Ce mercredi 4 novembre 2020 devrait être commémorée la clôture de la dixième année du décès de Tahar Chériaa, le fondateur des Journées cinématographiques de Carthage et le « père du cinéma arabe et africain » comme se plaisent à le baptiser de nombreux spécialistes dans le monde.
Pourtant, rien chez nous n’indique que quiconque se préoccupe de cet indice de reconnaissance à la mémoire d’un homme qui a voué sa vie à servir son pays, la culture, et une certaine pensée de l’humanité. Tout juste une association, semble-t-il, et non celle qui le devrait de plein devoir avant le droit, s’active à faire ce qu’il faut avec un dernier sursaut de soutien du ministère de tutelle dû à l’intervention de son Chef de cabinet. Il s’agit de l’association « Questions et Concepts d’Avenir » qui a trouvé raison d’agir dans son objet à travers deux concepts-clés de notre existence : la mémoire et l’avenir. Aussi a-t-elle donné à son action le titre plein de sens « Tahar Chériaa : Mémoire pour l’avenir ».
Mon propos ici n’est pas de couvrir cette action, mais d’en creuser légèrement la signification pour inviter à la réfléchir et à en tirer quelques enseignements. Il paraît clair que l’intention n’est pas plus le culte d’une personnalité disparue que le souci de « regarder le passé pour éclairer l’avenir », comme dit le proverbe. Cela est essentiel, ici et maintenant, de s’y attarder le temps qu’il faut et avec la concentration nécessaire, car nous n’arrêtons pas de vivre, depuis quelques années, les signes les plus agressifs et les plus ignobles parfois à l’égard de « nos chers disparus ». Qui dit ne pas avoir besoin de la mémoire pour édifier l’avenir est incapable d’avoir un programme pour cet avenir. On ne construit rien sur rien : l’Histoire l’a amplement montré ; elle peut nous le montrer encore, pour peu qu’on l’interroge. Et c’est à cette interrogation que servent les commémorations.
Ainsi perçues, celles-ci jouent le rôle de catalyseurs de la pensée, d’objecteurs de conscience et de modérateurs des sentiments. Elles aident à réinventer le vivre-ensemble sur la base de l’acceptation de la différence comme source de richesse. Elles participent de la cohésion sociale en donnant un sens noble à la succession des générations, à l’alternance des pouvoirs et à la relativisation des vérités exclusives.

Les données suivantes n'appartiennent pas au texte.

(* Consider the fair-encoder optimization problem $$\sup_{\bm f_{Enc} \in \mathcal A_r} \Big\{(1-\lambda)\,\mathrm{Dep}\left(\bm f_{Enc}(\tilde{X};\bm{\Theta}_{Enc}), Y\right) -\lambda\, \mathrm{Dep}\left(\bm f_{Enc}(\tilde{X}_c;\bm{\Theta}_{Enc}), S_c\right)\Big\},\quad 0\le\lambda<1,$$ where the first and second terms are estimated empirically as $\frac{1}{n^2}\left\|\bm \Theta_{Enc} \bm K_{\tilde{X}} \bm H \bm L_{Y} \right\|^2_F$ and $\frac{1}{n^2}\left\|\bm \Theta_{Enc} \bm K_{\tilde{X}_c} \bm H \bm L_{S_c} \right\|^2_F$, respectively. A global optimizer of this problem is $$\bm f^{\text{opt}}_{\mathcal H_{\tilde{X}}}(\tilde{X}; \bm \Theta_{Enc}) = \bm \Theta^{\text{opt}}_{Enc} \left[k_{\tilde{X}}(\tilde{\bm{x}}_1, {\tilde{X}}),\cdots, k_{\tilde{X}}(\tilde{\bm{x}}_n, {\tilde{X}})\right]^T$$ where $\bm \Theta^{\text{opt}}_{Enc}=\bm U^T \bm L_{\tilde{X}}^\dagger\in \mathbb R^{r\times n}$ and the columns of $\bm U$ are eigenvectors corresponding to the $r$ largest eigenvalues of the generalized eigenvalue problem $$\left((1-\lambda) \bm L^T_{\tilde{X}} \bm H\bm K_Y\bm H \bm L_{\tilde{X}} -\lambda \bm L^T_{{\tilde{X}}_c} \bm H\bm K_{S_c}\bm H \bm L_{{\tilde{X}}_c} \right)\bm u = \lambda \left(\frac{1}{n}\,\bm L^T_{\tilde{X}} \bm H \bm L_{\tilde{X}} + \gamma \bm I\right) \bm u.$$ Here $\bm L_{\tilde{X}}\bm L_{\tilde{X}}^T=\bm K_{\tilde{X}}$, ${\tilde{X}}_c \sim p(\tilde{X}|Y=y)$ and $S_c \sim p(S|Y=y)$.
   Context: Setting: data $X$, target label $Y$, sensitive attribute $S$; $\tilde{X}=f(X;\bm{\Theta}_{FE})$ are features from a (frozen) feature extractor, with $n$ samples $\tilde{\bm x}_1,\dots,\tilde{\bm x}_n$. The fair encoder $\bm f_{Enc}=(f_1,\dots,f_r)$ has components in a universal RKHS $\mathcal H_{\tilde X}$ with kernel $k_{\tilde X}$ and Gram matrix $\bm K_{\tilde X}$, parametrized as $\bm f(\tilde X)=\bm\Theta_{Enc}[k_{\tilde X}(\tilde{\bm x}_1,\tilde X),\dots,k_{\tilde X}(\tilde{\bm x}_n,\tilde X)]^T$. The constraint set is $\mathcal A_r:=\{(f_1,\cdots, f_r) \mid f_i, f_j\in \mathcal H_{\tilde{X}},\, \mathrm{Cov} (f_i({\tilde{X}}), f_j({\tilde{X}}) )+\gamma\, \langle f_i, f_j\rangle_{\mathcal H_{\tilde{X}}}=\delta_{i,j}\}$ with $\gamma>0$. $\bm H = \bm I_n-\frac{1}{n} \bm 1_n \bm 1_n^T$ is the centering matrix; $\bm K_Y$, $\bm K_{S_c}$ are Gram matrices of (universal) kernels on $Y$ and on $S$ conditioned on $Y=y$, and $\bm L_Y$, $\bm L_{S_c}$ are full column-rank matrices with $\bm L_Y\bm L_Y^T=\bm K_Y$, $\bm L_{S_c}\bm L_{S_c}^T=\bm K_{S_c}$ (Cholesky factorization). $\dagger$ denotes the pseudo-inverse. The conditional dependence measure is $\mathrm{Dep}(\bm f(X), S|Y=y) := \sum_{j=1}^r \sum_{\beta_S \in \mathcal U_S } \mathbb{E}[(f_j(X_c)-\mathbb{E}f_j(X_c))(\beta_S(S_c)-\mathbb{E}\beta_S(S_c))]$ with $\mathcal U_S$ a countable orthonormal basis of a separable universal RKHS on $S$. *)

theory Defs
  imports "HOL-Analysis.Analysis"
begin

definition centering :: "real^'n^'n" where
  "centering = mat 1 - (\<chi> i j. 1 / real CARD('n))"

definition frob_sq :: "real^'b^'a \<Rightarrow> real" where
  "frob_sq A = (\<Sum>i\<in>UNIV. \<Sum>j\<in>UNIV. (A$i$j)^2)"

definition gram :: "('x \<Rightarrow> 'x \<Rightarrow> real) \<Rightarrow> ('n \<Rightarrow> 'x) \<Rightarrow> ('m \<Rightarrow> 'x) \<Rightarrow> real^'m^'n" where
  "gram k xs zs = (\<chi> i j. k (xs i) (zs j))"

definition pinv :: "real^'b^'a \<Rightarrow> real^'a^'b" where
  "pinv A = (THE X. A ** X ** A = A \<and> X ** A ** X = X \<and>
                    transpose (A ** X) = A ** X \<and> transpose (X ** A) = X ** A)"

text \<open>Empirical covariance matrix of r functions, given the r x n matrix F of their
  values on the n samples: (1/n) F H F^T.\<close>
definition emp_cov :: "real^'n^'r \<Rightarrow> real^'r^'r" where
  "emp_cov F = (1 / real CARD('n)) *\<^sub>R (F ** centering ** transpose F)"

text \<open>Empirical version of the constraint set A_r for the encoder
  f(x) = Theta [k(x_1,x),...,k(x_n,x)]^T:  the values on the samples are Theta K,
  and <f_i,f_j>_H = (Theta K Theta^T)_{ij}.\<close>
definition fair_feasible :: "real \<Rightarrow> real^'n^'n \<Rightarrow> real^'n^'r \<Rightarrow> bool" where
  "fair_feasible gam K Theta \<longleftrightarrow>
     emp_cov (Theta ** K) + gam *\<^sub>R (Theta ** K ** transpose Theta) = mat 1"

definition fair_objective ::
  "real \<Rightarrow> real^'n^'n \<Rightarrow> real^'m^'n \<Rightarrow> real^'p^'n \<Rightarrow> real^'q^'m \<Rightarrow> real^'n^'r \<Rightarrow> real" where
  "fair_objective lam K Kc LY LS Theta =
     (1 - lam) / (real CARD('n))^2 * frob_sq (Theta ** K ** centering ** LY)
     - lam / (real CARD('n))^2 * frob_sq (Theta ** Kc ** centering ** LS)"

definition fair_optimizer ::
  "real \<Rightarrow> real \<Rightarrow> real^'n^'n \<Rightarrow> real^'m^'n \<Rightarrow> real^'p^'n \<Rightarrow> real^'q^'m \<Rightarrow> real^'n^'r \<Rightarrow> bool" where
  "fair_optimizer lam gam K Kc LY LS Theta \<longleftrightarrow>
     fair_feasible gam K Theta \<and>
     (\<forall>Theta' :: real^'n^'r. fair_feasible gam K Theta' \<longrightarrow>
        fair_objective lam K Kc LY LS Theta' \<le> fair_objective lam K Kc LY LS Theta)"

text \<open>The columns of U are (B-normalized, mutually B-orthogonal) eigenvectors of the
  generalized eigenproblem A u = tau B u, belonging to the r largest generalized
  eigenvalues (counted with multiplicity): every generalized eigenvector that is
  B-orthogonal to all columns of U has eigenvalue at most each tau_i.\<close>
definition top_gen_eigvecs :: "real^'d^'d \<Rightarrow> real^'d^'d \<Rightarrow> real^'r^'d \<Rightarrow> bool" where
  "top_gen_eigvecs A B U \<longleftrightarrow>
     (\<exists>tau :: 'r \<Rightarrow> real.
        (\<forall>i. A *v column i U = tau i *\<^sub>R (B *v column i U)) \<and>
        transpose U ** B ** U = mat 1 \<and>
        (\<forall>w mu. w \<noteq> 0 \<and> A *v w = mu *\<^sub>R (B *v w) \<and> transpose U *v (B *v w) = 0
                 \<longrightarrow> (\<forall>i. mu \<le> tau i)))"

end

theory Submission
  imports Defs
begin

text \<open>
  With K = L L^T and W = Theta L, both the constraint and the objective depend on the encoder
  only through W: feasibility reads W B W^T = I and the objective is tr (W A W^T) / n^2, where
  A and B are the two matrices of the generalized eigenproblem. Full column rank of L makes
  Theta_opt L = U^T, so the claim is the Ky Fan maximum principle for the symmetric-definite
  pencil (A, B): tr (V^T A V) \<le> tr (U^T A U) whenever V^T B V = I. To see it, split each column
  of V into its B-projection onto the span of U and a remainder in the B-orthogonal complement
  of U. On that complement the Rayleigh quotient is at most min tau, because a maximizer is a
  generalized eigenvector and the top-eigenvalue hypothesis applies to it; Bessel's inequality
  then bounds the total weight that the columns of V put on each eigenvector by 1.
\<close>

lemma transpose_add: "transpose (A + B) = transpose A + transpose (B :: 'a::plus^'n^'m)"
  by (simp add: transpose_def vec_eq_iff)

lemma transpose_diff: "transpose (A - B) = transpose A - transpose (B :: 'a::minus^'n^'m)"
  by (simp add: transpose_def vec_eq_iff)

lemma matrix_add_rdistrib: "(A + B) ** C = A ** C + B ** (C :: 'a::semiring_1^'p^'n)"
  by (simp add: matrix_matrix_mult_def vec_eq_iff sum.distrib distrib_right)

lemma matrix_diff_rdistrib: "(A - B) ** C = A ** C - B ** (C :: 'a::ring_1^'p^'n)"
  by (simp add: matrix_matrix_mult_def vec_eq_iff sum_subtractf left_diff_distrib)

lemma matrix_diff_ldistrib: "A ** (B - C) = A ** B - A ** (C :: 'a::ring_1^'p^'n)"
  by (simp add: matrix_matrix_mult_def vec_eq_iff sum_subtractf right_diff_distrib)

lemma trace_scaleR: "trace (c *\<^sub>R A) = c * trace (A :: real^'n^'n)"
  by (simp add: trace_def sum_distrib_left)

lemma inner_matrix_vector_transpose: "x \<bullet> (A *v y) = (transpose A *v x) \<bullet> (y :: real^'n)"
  by (simp add: dot_lmul_matrix)

lemma inner_symmetric_matrix:
  assumes "transpose A = A"
  shows "x \<bullet> (A *v y) = y \<bullet> (A *v (x :: real^'n))"
  by (metis assms inner_commute inner_matrix_vector_transpose)

lemma inner_matrix_vector_scaleR:
  "(c *\<^sub>R x) \<bullet> (A *v (c *\<^sub>R x)) = c\<^sup>2 * (x \<bullet> (A *v (x :: real^'n)))"
  by (simp add: matrix_vector_mult_scaleR power2_eq_square)

lemma inner_symmetric_matrix_add:
  assumes "transpose A = A"
  shows "(x + y) \<bullet> (A *v (x + y)) = x \<bullet> (A *v x) + 2 * (x \<bullet> (A *v y)) + y \<bullet> (A *v (y :: real^'n))"
  using inner_symmetric_matrix[OF assms, of y x]
  by (simp add: matrix_vector_right_distrib inner_add_left inner_add_right)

Dans le cas précis qui nous occupe ici, Tahar Chériaa et son œuvre présentent plusieurs amers à même d’inspirer la jeunesse d’aujourd’hui et de lui montrer que rien ne peut constituer un infranchissable obstacle devant la réalisation de soi. Tant que l’aspiration à l’affirmation de soi existe, le destin ne peut que se ranger de son côté, comme a dit Chebbi, notre poète. Il faut juste trouver la bonne voie et cela se fait en actualisant les expériences d’autrui, celles du passé, nos pour les mimer ou les copier, mais pour les confronter aux exigences et aux conditions de faisabilité que le présent impose sur la voie du progrès et de l’avenir.
Que retenir donc de Tahar Chériaa, dans cette perspective ? D’abord le jeune berger qui, à quatorze ans, décide d’entrer à l’école et qui fait ses six ans du primaire en trois ans seulement. Le bachelier qui se met à enseigner au primaire, très jeune, et poursuit ses études en parallèle jusqu’à obtenir les diplômes l’habilitant à enseigner dans le secondaire. L’enseignant qui a pris conscience, très tôt, que sa mission ne se limite pas à la classe mais à investir la société de tout son désir d’être et de faire pour permettre à sa conscience citoyenne de s’y exprimer et d’y jouer, du meilleur possible, le rôle qui lui semble lui revenir de droit et de devoir.
Rien que cela, à part tout le reste qui n’est pas dit ici et qui est en principe communément connu, mérite qu’on commémore aujourd’hui la dixième année du départ de cette âme citoyenne pour signifier que jamais ne part un esprit qui sert l’humanité.